Hype bands du jour love to dabble in 80s synth, but remain aloof, for aesthetic and nostalgic (or indeed ironic) effect, from its cheesy potential. Brooklyn duo Ford & Lopatin (formerly known as Games), to their credit, dive right in. ‘No more lo-fi’, sung on standout single ‘Too Much MIDI’, sounds like a battle cry.

Daily Bread – Volume

Michigan-native producer Apollo Brown is in high demand these days, providing the backings to the stars (Black Milk, Danny Brown) of an increasingly dominant underground Detroit scene, but he still finds the time for his own projects. Daily Bread finds him collaboration with New York’s Hassaan Mackey, with throwback party track ‘Volume’ an obvious standout.

Love Inks – Rock On 

Love Inks breathe new life into this minimalistic cover of the 1973 glam hit by David Essex (last seen playing Eddie Moon on Eastenders) with some drifting vocals and barely-there guitar, all tied together with lopsided funk bass.

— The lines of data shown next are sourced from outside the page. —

theorem theorem6:
  fixes M :: "'a measure"
    and X U :: "nat \<Rightarrow> 'a \<Rightarrow> real"
    and \<theta>\<^sub>1 \<theta>\<^sub>2 \<theta> p x t :: real
  assumes "prob_space M"
    and "prob_space.indep_vars M (\<lambda>_. borel)
           (\<lambda>i. case i of Inl n \<Rightarrow> X n | Inr n \<Rightarrow> U n) (UNIV :: (nat + nat) set)"
    and "\<And>n. distributed M lborel (X n) (exponential_density 1)"
    and "\<And>n. distributed M lborel (U n) (\<lambda>u. indicator {0..1} u / measure lborel {0..1::real})"
    and "0 < \<theta>\<^sub>1" and "0 < \<theta>\<^sub>2"
    and "\<theta> = \<theta>\<^sub>1 + \<theta>\<^sub>2" and "p = \<theta>\<^sub>1 / \<theta>"
    and "0 \<le> x" and "x \<le> 1" and "0 < t"
  shows "(\<forall>k\<ge>1. \<forall>A\<in>sets borel.
            measure M {\<omega>\<in>space M. sfv_count X t \<omega> = k \<and> sfv_proc \<theta> p x X U t \<omega> \<in> A}
              = (\<integral>\<xi>\<in>A. sfv_fk \<theta> p x t k \<xi> \<partial>lborel))
       \<and> (\<forall>A\<in>sets borel.
            measure M {\<omega>\<in>space M. sfv_proc \<theta> p x X U t \<omega> \<in> A}
              = exp (- t) * indicator A (sfv_flow \<theta> p x t)
                + (\<integral>\<xi>\<in>A. (\<Sum>k. sfv_fk \<theta> p x t (Suc k) \<xi>) \<partial>lborel))"
proof -
  have "0 < p" "p < 1"
    using assms by (simp_all add: divide_less_eq)
  then interpret star_fleming_viot M X U \<theta> p x t
    by (intro star_fleming_viot.intro[OF assms(1)] star_fleming_viot_axioms.intro) (use assms in auto)
  show ?thesis
  proof (intro conjI allI impI ballI)
    fix k :: nat and A :: "real set"
    assume "1 \<le> k" "A \<in> sets borel"
    then show "measure M {\<omega>\<in>space M. sfv_count X t \<omega> = k \<and> sfv_proc \<theta> p x X U t \<omega> \<in> A}
        = (\<integral>\<xi>\<in>A. sfv_fk \<theta> p x t k \<xi> \<partial>lborel)"
      using measure_count_Suc[of A "k - 1"] by simp
  qed (rule measure_proc)
qed

end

DRC Music feat. Tout Puissant Mukalo and Nelly Liyemge – Hallo

Damon Albarn does pretty much anything he wants to these days. Fresh off the global success of Plastic Beach, Albarn spent a week Kinshasa, Congo, to record an album with the newly established DRC Music collective. Featuring such high-profile collaborators as Dan the Automator, Kwes, and Oxford’s very own Totally Extinct Enormous Dinosaurs, the album’s teasers, including ‘Hallo’, are raising quite a few eyebrows.

St. Vincent – Cruel

One of the more straightforward cuts off her latest album Strange Mercy, ‘Cruel’ proves that Annie Clark (a.k.a. St. Vincent) can pen as striking a pop melody as the next indie fan-boy’s heart throb.

Little Roy – Lithium

Did you ever think, ‘I love Nirvana, but I wish they were just more reggae’? Us neither, but luckily Kingston roots legend Little Roy, celebrating the twentieth birthday of that record with the baby on it, did – and this is what happened. It’s pretty good, actually.

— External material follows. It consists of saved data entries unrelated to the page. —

text \<open>Weight each letter by f 0 = 1 - \<delta> and f x = \<delta> / (q - 1) otherwise, so that the weights
  sum to 1 and (\<delta> / (q - 1)) ^ \<delta> * (1 - \<delta>) ^ (1 - \<delta>) = q ^ (- h_q \<delta>). Each projection
  I_j maps C bijectively onto F^d, so the sum over C of the weight of the I_j-part of c is 1.
  Every position lies in exactly t of the s sets, whence d s = t N, and the AM-GM inequality over
  the s projections yields a Shearer-type inequality: the sum over C of (weight of c) ^ (d / N)
  is at most 1. A word of relative weight at most \<delta> has weight at least q ^ (- N h_q \<delta>),
  which gives the counting bound. For C^n' the sets I_j copied into each of the n' blocks of
  length n form a balancing family again.\<close>

lemma prod_list_nths:
  fixes f :: "'a \<Rightarrow> 'b::comm_monoid_mult"
  shows "prod_list (map f (nths xs I)) = (\<Prod>i \<in> I \<inter> {..<length xs}. f (xs ! i))"
proof (induction xs arbitrary: I)
  case (Cons x xs)
  let ?J = "{j. Suc j \<in> I}"
  have split: "I \<inter> {..<length (x # xs)} = (I \<inter> {0}) \<union> Suc ` (?J \<inter> {..<length xs})"
    by (auto simp: less_Suc_eq_0_disj)
  have "(\<Prod>i \<in> Suc ` (?J \<inter> {..<length xs}). f ((x # xs) ! i)) = (\<Prod>i \<in> ?J \<inter> {..<length xs}. f (xs ! i))"
    by (subst prod.reindex) auto
  then have "(\<Prod>i \<in> I \<inter> {..<length (x # xs)}. f ((x # xs) ! i)) =
      (\<Prod>i \<in> I \<inter> {0}. f ((x # xs) ! i)) * (\<Prod>i \<in> ?J \<inter> {..<length xs}. f (xs ! i))"
    unfolding split by (subst prod.union_disjoint) auto
  moreover have "(\<Prod>i \<in> I \<inter> {0}. f ((x # xs) ! i)) = (if 0 \<in> I then f x else 1)"
    by (cases "0 \<in> I") (auto simp: Int_absorb1 Int_absorb2)
  ultimately show ?case
    using Cons.IH[of ?J] by (simp add: nths_Cons)
qed simp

The Doppelgangaz – Doppel Gospel

Not much is known about emergent New York outer-borough duo Doppelgangaz, except that they’re preternatural producers, and they favour capes. ‘Doppel Gospel’ is at once soul-inflected and brooding, bringing a welcome dark edge to classic boom-bap construction without ever straying into exaggerated horrorcore.

Blouse Into Black

Oregon duo Blouse, recently signed to Brooklyn’s Captured Tracks, sound a lot like pretty much everyone else out there: borrowed nostalgia, breathy vocals, moody synths, feigned aloofness, and dollops of reverb. The difference is they do it better than almost anyone else.

Veronica Falls – The Fountain

Veronica Falls might be dismissed as mere C86 revalists, were it not for the excellent songwriting and the immediacy of their post-punk-tinged and vocal-layered tracks. ‘The Fountain’ is a case in point, its spooky lyrics offsetting those delightfully jangly guitars.

Girls – Honey Bunny

Written by Christopher Owens of Girls whilst singing into his mobile phone on his birthday, ‘Honey Bunny’ certainly doesn’t sound like a track that has been obsessively composed. Spontaneity is the name of the game here but, as Owens sings “they don’t like my boney body, they don’t like my dirty hair” over twanging 60s guitars, what the song lacks in depth it more than compensates for with Orange Juice-style charm.

Trophy Wife – Wolf

On October 17th, Oxford-based trio Trophy Wife release their debut EP BRUXISM. Produced by Yannis Philippakis of Foals, this brooding track finds the band exploring new territory away from the bright sheen of their indie-disco beginnings and serves as a brilliantly haunting end to the record.